I can't seem to translate this to draw out the mechanism for this question. Is this the correct mechanism? (Fischer esterification)

I think when I did this, I tried thinking through the potential mechanism at first, but then just crossed off every answer except C because only in C did the number of Oxygens remain constant. I failed to realize that oxygen would be lost in the mechanism.

 

[Green_Goose]

The important thing here is that you form a six-membered ring. You pretty much never have an oxygen attack another oxygen to form a ring.

What I think happens here is that 1) the O- gets protonated; it's in aqueous solution so there's protons floating around 2) the -OH at the end of the ring attacks the carbonyl (forming the six-membered ring), and that carbonyl oxygen gets protonated at some point as well 3) Now you have the same molecule as choice A), except instead of a carbonyl oxygen you have two single-bonded -OH 4) Finally one of the -OH groups gets protonated and the other -OH group kicks down, forming a double bond and kicking off water.
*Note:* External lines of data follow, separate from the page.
lemma wdot_standardized_pair:
  "wdot (rankings m) p (standardized_pair i j) (standardized_pair i l)
     = ((\<Sum>r\<in>rankings m. p r * (a_pair r i j * a_pair r i l)) - lam m p i j * lam m p i l)
       / (sqrt (1 - (lam m p i j)\<^sup>2) * sqrt (1 - (lam m p i l)\<^sup>2))"
proof -
  define lj ll where "lj = lam m p i j" and "ll = lam m p i l"
  have "wdot (rankings m) p (standardized_pair i j) (standardized_pair i l)
      = (\<Sum>r\<in>rankings m. (p r * (a_pair r i j * a_pair r i l) - lj * (p r * a_pair r i l)
           - ll * (p r * a_pair r i j) + lj * ll * p r) / (sqrt (1 - lj\<^sup>2) * sqrt (1 - ll\<^sup>2)))"
    unfolding wdot_def standardized_pair_def lj_def[symmetric] ll_def[symmetric]
    by (intro sum.cong refl) (simp add: field_simps)
  also have "\<dots> = ((\<Sum>r\<in>rankings m. p r * (a_pair r i j * a_pair r i l)) - lj * ll)
      / (sqrt (1 - lj\<^sup>2) * sqrt (1 - ll\<^sup>2))"
    by (simp add: sum_divide_distrib[symmetric] sum.distrib sum_subtractf
        flip: sum_distrib_left lam_eq lj_def ll_def) (simp add: p_sum)
  finally show ?thesis
    by (simp add: lj_def ll_def)
qed

lemma corrR_eq_wdot:
  assumes "i < m" "j \<in> {0..<m} - {i}" "l \<in> {0..<m} - {i}"
  shows "corrR m p i j l = wdot (rankings m) p (standardized_pair i j) (standardized_pair i l)"
proof (cases "j = l")
  case True
  have "\<bar>lam m p i j\<bar> < 1"
    using lam_lt1 assms by auto
  then have "(lam m p i j)\<^sup>2 < 1"
    by (simp add: abs_square_less_1)
  moreover have "(\<Sum>r\<in>rankings m. p r * (a_pair r i j * a_pair r i j)) = 1"
    using p_sum a_pair_sq[of _ i j] by (simp add: power2_eq_square)
  ultimately show ?thesis
    using True by (simp add: corrR_def wdot_standardized_pair power2_eq_square flip: real_sqrt_mult)
next
  case False
  have "(\<Sum>r\<in>rankings m. a_triple r i j l * p r) = (\<Sum>r\<in>rankings m. p r * (a_pair r i j * a_pair r i l))"
    using assms by (intro sum.cong refl) (simp add: a_triple_eq[of _ m])
  then show ?thesis
    using False by (simp add: corrR_def wdot_standardized_pair real_sqrt_mult)
qed

lemma corrR_factorization:
  assumes "i < m"
  shows "\<exists>A. \<forall>j\<in>{0..<m} - {i}. \<forall>l\<in>{0..<m} - {i}. (\<Sum>k\<in>{0..<m} - {i}. A j k * A l k) = corrR m p i j l"
  using gram_factorization[OF p_nonneg finite_rankings, of "{0..<m} - {i}" "standardized_pair i"]
    corrR_eq_wdot[OF assms] by simp

lemma wrong_sign_tendsto:
  assumes "lam m p i j \<noteq> 0"
  shows "(\<lambda>n. prob_event m p n (\<lambda>vs. (0 < margin vs i j) \<noteq> (0 < lam m p i j))) \<longlonglongrightarrow> 0"
proof (rule tendsto_sandwich[OF _ _ tendsto_const])
  have "\<bar>lam m p i j\<bar> > 0"
    using assms by simp
  then show "(\<lambda>n. expect n (\<lambda>vs. of_bool (real n * \<bar>lam m p i j\<bar> \<le> \<bar>margin vs i j - real n * lam m p i j\<bar>)) :: real)
      \<longlonglongrightarrow> 0"
    using expect_weak_law[of "\<bar>lam m p i j\<bar>" "\<lambda>r. a_pair r i j"] by (simp add: margin_def lam_eq)
  have "(0 < margin vs i j) \<noteq> (0 < lam m p i j) \<Longrightarrow> real n * \<bar>lam m p i j\<bar> \<le> \<bar>margin vs i j - real n * lam m p i j\<bar>"
    for vs n
    by (cases "0 < lam m p i j") (auto simp: abs_if mult_less_0_iff)
  then show "\<forall>\<^sub>F n in sequentially. prob_event m p n (\<lambda>vs. (0 < margin vs i j) \<noteq> (0 < lam m p i j))
      \<le> expect n (\<lambda>vs. of_bool (real n * \<bar>lam m p i j\<bar> \<le> \<bar>margin vs i j - real n * lam m p i j\<bar>))"
    unfolding prob_event_eq_expectation by (intro always_eventually allI expect_mono) (simp add: of_bool_def)
  show "\<forall>\<^sub>F n in sequentially. 0 \<le> prob_event m p n (\<lambda>vs. (0 < margin vs i j) \<noteq> (0 < lam m p i j))"
    unfolding prob_event_eq_expectation by (intro always_eventually allI expect_nonneg) simp
qed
Sorry if this is a little convoluted, this is how I was taught to think about it back when I took Orgo.

 

[aldol16]

This is a cyclization of an ester. It's acid-catalyzed if there's an acid around that can bond in a Lewis acid fashion to the carbonyl to increase its electrophilicity. Basically (no pun intended) what happens is the alcohol attacks the carbonyl on the carboxylic acid and you form a tetrahedral intermediate. This tetrahedral intermediate has an oxyanion, which can be stabilized by putting a positive charge somewhere close to it in the active site. The oxyanion then collapses and kicks out -OH, which gains a proton somewhere in the process to form water. This forms the six-membered ring. Six-membered rings are quite stable and so that's why it exists in equilibrium with the extended form. You can think of this as an esterification but the generalized mechanism can be thought of as an addition-elimination - you will see many addition-eliminations in natural chemistry.

 

[deleted647690]

The important thing here is that you form a six-membered ring. You pretty much never have an oxygen attack another oxygen to form a ring.

What I think happens here is that 1) the O- gets protonated; it's in aqueous solution so there's protons floating around 2) the -OH at the end of the ring attacks the carbonyl (forming the six-membered ring), and that carbonyl oxygen gets protonated at some point as well 3) Now you have the same molecule as choice A), except instead of a carbonyl oxygen you have two single-bonded -OH 4) Finally one of the -OH groups gets protonated and the other -OH group kicks down, forming a double bond and kicking off water.

Sorry if this is a little convoluted, this is how I was taught to think about it back when I took Orgo.

This is a cyclization of an ester. It's acid-catalyzed if there's an acid around that can bond in a Lewis acid fashion to the carbonyl to increase its electrophilicity. Basically (no pun intended) what happens is the alcohol attacks the carbonyl on the carboxylic acid and you form a tetrahedral intermediate. This tetrahedral intermediate has an oxyanion, which can be stabilized by putting a positive charge somewhere close to it in the active site. The oxyanion then collapses and kicks out -OH, which gains a proton somewhere in the process to form water. This forms the six-membered ring. Six-membered rings are quite stable and so that's why it exists in equilibrium with the extended form. You can think of this as an esterification but the generalized mechanism can be thought of as an addition-elimination - you will see many addition-eliminations in natural chemistry.

Ah, I drew it out and that makes sense, thanks!